(Stored data)
+ + + +

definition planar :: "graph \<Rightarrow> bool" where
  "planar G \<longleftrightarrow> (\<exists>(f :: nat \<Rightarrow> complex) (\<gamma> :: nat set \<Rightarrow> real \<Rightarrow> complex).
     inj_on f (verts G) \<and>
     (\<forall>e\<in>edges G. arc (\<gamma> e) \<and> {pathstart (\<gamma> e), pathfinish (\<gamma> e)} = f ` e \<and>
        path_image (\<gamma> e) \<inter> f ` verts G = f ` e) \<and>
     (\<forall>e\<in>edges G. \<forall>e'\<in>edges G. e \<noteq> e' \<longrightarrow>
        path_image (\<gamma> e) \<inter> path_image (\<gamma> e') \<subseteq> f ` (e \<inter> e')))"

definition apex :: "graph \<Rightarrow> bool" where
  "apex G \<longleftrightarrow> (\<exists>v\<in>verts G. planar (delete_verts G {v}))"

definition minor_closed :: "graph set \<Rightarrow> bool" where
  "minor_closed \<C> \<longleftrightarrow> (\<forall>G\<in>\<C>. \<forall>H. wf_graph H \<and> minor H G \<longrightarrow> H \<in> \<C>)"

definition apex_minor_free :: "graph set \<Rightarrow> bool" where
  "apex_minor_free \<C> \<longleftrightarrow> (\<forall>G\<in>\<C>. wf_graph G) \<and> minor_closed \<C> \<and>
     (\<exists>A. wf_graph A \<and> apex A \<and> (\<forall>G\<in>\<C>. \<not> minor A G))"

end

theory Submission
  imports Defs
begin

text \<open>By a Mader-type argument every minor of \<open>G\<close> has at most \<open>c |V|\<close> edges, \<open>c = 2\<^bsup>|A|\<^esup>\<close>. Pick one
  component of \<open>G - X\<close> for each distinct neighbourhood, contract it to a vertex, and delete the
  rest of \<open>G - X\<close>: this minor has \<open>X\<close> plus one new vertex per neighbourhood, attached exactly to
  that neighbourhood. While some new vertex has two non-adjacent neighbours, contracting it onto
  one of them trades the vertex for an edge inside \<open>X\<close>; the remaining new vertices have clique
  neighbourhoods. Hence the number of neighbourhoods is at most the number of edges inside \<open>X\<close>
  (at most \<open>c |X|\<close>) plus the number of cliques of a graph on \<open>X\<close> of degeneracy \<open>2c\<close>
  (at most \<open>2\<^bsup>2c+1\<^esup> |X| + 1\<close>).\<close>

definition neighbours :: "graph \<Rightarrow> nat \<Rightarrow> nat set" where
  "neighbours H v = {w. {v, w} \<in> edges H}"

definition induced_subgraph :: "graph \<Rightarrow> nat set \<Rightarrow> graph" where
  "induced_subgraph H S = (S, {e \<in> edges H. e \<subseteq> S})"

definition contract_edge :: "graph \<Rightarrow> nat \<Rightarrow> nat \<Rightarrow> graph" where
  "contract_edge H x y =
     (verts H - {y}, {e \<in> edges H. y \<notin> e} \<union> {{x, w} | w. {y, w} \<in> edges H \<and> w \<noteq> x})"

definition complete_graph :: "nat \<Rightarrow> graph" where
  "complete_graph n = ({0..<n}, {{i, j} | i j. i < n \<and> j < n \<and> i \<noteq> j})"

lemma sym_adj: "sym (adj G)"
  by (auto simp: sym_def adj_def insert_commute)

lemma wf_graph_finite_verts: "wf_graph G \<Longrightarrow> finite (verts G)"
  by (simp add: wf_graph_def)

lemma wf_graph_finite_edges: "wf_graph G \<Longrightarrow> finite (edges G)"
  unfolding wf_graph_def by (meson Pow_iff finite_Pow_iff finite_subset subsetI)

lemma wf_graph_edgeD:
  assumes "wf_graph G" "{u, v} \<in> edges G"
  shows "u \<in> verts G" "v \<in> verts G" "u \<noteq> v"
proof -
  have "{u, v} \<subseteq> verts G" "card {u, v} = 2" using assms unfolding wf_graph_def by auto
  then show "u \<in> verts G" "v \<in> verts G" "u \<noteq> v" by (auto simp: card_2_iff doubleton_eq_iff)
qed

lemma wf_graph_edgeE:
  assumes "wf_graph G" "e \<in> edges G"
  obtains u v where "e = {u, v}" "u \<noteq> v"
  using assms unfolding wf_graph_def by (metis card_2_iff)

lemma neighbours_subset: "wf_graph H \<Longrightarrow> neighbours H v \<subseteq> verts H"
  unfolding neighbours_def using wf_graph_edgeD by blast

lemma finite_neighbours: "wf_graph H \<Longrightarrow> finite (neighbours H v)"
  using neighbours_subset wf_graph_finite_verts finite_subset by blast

+ + + +

• [Activity]: The lines above, from the first through the one containing "rest of \<open>G", must be restated word for word, with nothing added.

• [Solution to the exercise]:
definition planar :: "graph \<Rightarrow> bool" where
  "planar G \<longleftrightarrow> (\<exists>(f :: nat \<Rightarrow> complex) (\<gamma> :: nat set \<Rightarrow> real \<Rightarrow> complex).
     inj_on f (verts G) \<and>
     (\<forall>e\<in>edges G. arc (\<gamma> e) \<and> {pathstart (\<gamma> e), pathfinish (\<gamma> e)} = f ` e \<and>
        path_image (\<gamma> e) \<inter> f ` verts G = f ` e) \<and>
     (\<forall>e\<in>edges G. \<forall>e'\<in>edges G. e \<noteq> e' \<longrightarrow>
        path_image (\<gamma> e) \<inter> path_image (\<gamma> e') \<subseteq> f ` (e \<inter> e')))"

definition apex :: "graph \<Rightarrow> bool" where
  "apex G \<longleftrightarrow> (\<exists>v\<in>verts G. planar (delete_verts G {v}))"

definition minor_closed :: "graph set \<Rightarrow> bool" where
  "minor_closed \<C> \<longleftrightarrow> (\<forall>G\<in>\<C>. \<forall>H. wf_graph H \<and> minor H G \<longrightarrow> H \<in> \<C>)"

definition apex_minor_free :: "graph set \<Rightarrow> bool" where
  "apex_minor_free \<C> \<longleftrightarrow> (\<forall>G\<in>\<C>. wf_graph G) \<and> minor_closed \<C> \<and>
     (\<exists>A. wf_graph A \<and> apex A \<and> (\<forall>G\<in>\<C>. \<not> minor A G))"

end

theory Submission
  imports Defs
begin

text \<open>By a Mader-type argument every minor of \<open>G\<close> has at most \<open>c |V|\<close> edges, \<open>c = 2\<^bsup>|A|\<^esup>\<close>. Pick one
  component of \<open>G - X\<close> for each distinct neighbourhood, contract it to a vertex, and delete the
  rest of \<open>G - X\<close>: this minor has \<open>X\<close> plus one new vertex per neighbourhood, attached exactly to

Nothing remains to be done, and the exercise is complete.